(* Let $\mathcal{T}$ be one of the following spaces of real-valued functions on $\mathbb{R}^d$, equipped with its natural topology: the Schwartz space $\mathcal{S}(\mathbb{R}^d)$, a space $L^p(\mathbb{R}^d)$ with $p>0$, or an intersection $L^p(\mathbb{R}^d)\cap L^q(\mathbb{R}^d)$ with $p,q>0$. Let $f$ be a Lévy exponent such that, for every $\varphi\in\mathcal{T}$, the function $\mathbf{r}\mapsto f(\varphi(\mathbf{r}))$ is in $L^1(\mathbb{R}^d)$, and such that the functional $\widehat{\mathscr{P}}(\varphi)=\exp\left(\int_{\mathbb{R}^d} f(\varphi(\mathbf{r}))\,\mathrm{d}\mathbf{r}\right)$ is continuous on $\mathcal{T}$. Then $\widehat{\mathscr{P}}$ is positive-definite on $\mathcal{T}$: for all $N\in\mathbb{N}$, $a_1,\dots,a_N\in\mathbb{C}$ and $\varphi_1,\dots,\varphi_N\in\mathcal{T}$, $\sum_{i,j=1}^N a_i\overline{a_j}\,\widehat{\mathscr{P}}(\varphi_i-\varphi_j)\ge 0$.
   Context: A Lévy exponent is a function $f:\mathbb{R}\to\mathbb{C}$ of the form $f(\omega)=\mathrm{j}\mu\omega-\frac{\sigma^2\omega^2}{2}+\int_{\mathbb{R}\setminus\{0\}}\left(\mathrm{e}^{\mathrm{j}a\omega}-1-\mathrm{j}\omega a\mathbb{1}_{|a|<1}\right)V(\mathrm{d}a)$, where $\mathrm{j}=\sqrt{-1}$, $\mu\in\mathbb{R}$, $\sigma^2\ge 0$, and $V$ is a Lévy measure, i.e. a Radon measure on $\mathbb{R}\setminus\{0\}$ with $\int_{\mathbb{R}\setminus\{0\}}\min(1,a^2)V(\mathrm{d}a)<\infty$; $(\mu,\sigma^2,V)$ is its Lévy triplet. For $p\ge1$, $L^p$ carries its usual norm; for $0<p<1$, $L^p$ is the complete metric space with metric $d_p(f,g)=\int_{\mathbb{R}^d}|f-g|^p$; $L^p\cap L^q$ carries the topology given by the sum of the two corresponding metrics/norms (e.g. $d_p(f,g)+\|f-g\|_q$ if $p<1\le q$). *)

theory Defs
  imports "HOL-Analysis.Analysis"
begin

● **What needs to be done**: Each line above that holds the string "function" should be copied and shown.

● **Your solution**:
(* Let $\mathcal{T}$ be one of the following spaces of real-valued functions on $\mathbb{R}^d$, equipped with its natural topology: the Schwartz space $\mathcal{S}(\mathbb{R}^d)$, a space $L^p(\mathbb{R}^d)$ with $p>0$, or an intersection $L^p(\mathbb{R}^d)\cap L^q(\mathbb{R}^d)$ with $p,q>0$. Let $f$ be a Lévy exponent such that, for every $\varphi\in\mathcal{T}$, the function $\mathbf{r}\mapsto f(\varphi(\mathbf{r}))$ is in $L^1(\mathbb{R}^d)$, and such that the functional $\widehat{\mathscr{P}}(\varphi)=\exp\left(\int_{\mathbb{R}^d} f(\varphi(\mathbf{r}))\,\mathrm{d}\mathbf{r}\right)$ is continuous on $\mathcal{T}$. Then $\widehat{\mathscr{P}}$ is positive-definite on $\mathcal{T}$: for all $N\in\mathbb{N}$, $a_1,\dots,a_N\in\mathbb{C}$ and $\varphi_1,\dots,\varphi_N\in\mathcal{T}$, $\sum_{i,j=1}^N a_i\overline{a_j}\,\widehat{\mathscr{P}}(\varphi_i-\varphi_j)\ge 0$.
   Context: A Lévy exponent is a function $f:\mathbb{R}\to\mathbb{C}$ of the form $f(\omega)=\mathrm{j}\mu\omega-\frac{\sigma^2\omega^2}{2}+\int_{\mathbb{R}\setminus\{0\}}\left(\mathrm{e}^{\mathrm{j}a\omega}-1-\mathrm{j}\omega a\mathbb{1}_{|a|<1}\right)V(\mathrm{d}a)$, where $\mathrm{j}=\sqrt{-1}$, $\mu\in\mathbb{R}$, $\sigma^2\ge 0$, and $V$ is a Lévy measure, i.e. a Radon measure on $\mathbb{R}\setminus\{0\}$ with $\int_{\mathbb{R}\setminus\{0\}}\min(1,a^2)V(\mathrm{d}a)<\infty$; $(\mu,\sigma^2,V)$ is its Lévy triplet. For $p\ge1$, $L^p$ carries its usual norm; for $0<p<1$, $L^p$ is the complete metric space with metric $d_p(f,g)=\int_{\mathbb{R}^d}|f-g|^p$; $L^p\cap L^q$ carries the topology given by the sum of the two corresponding metrics/norms (e.g. $d_p(f,g)+\|f-g\|_q$ if $p<1\le q$). *)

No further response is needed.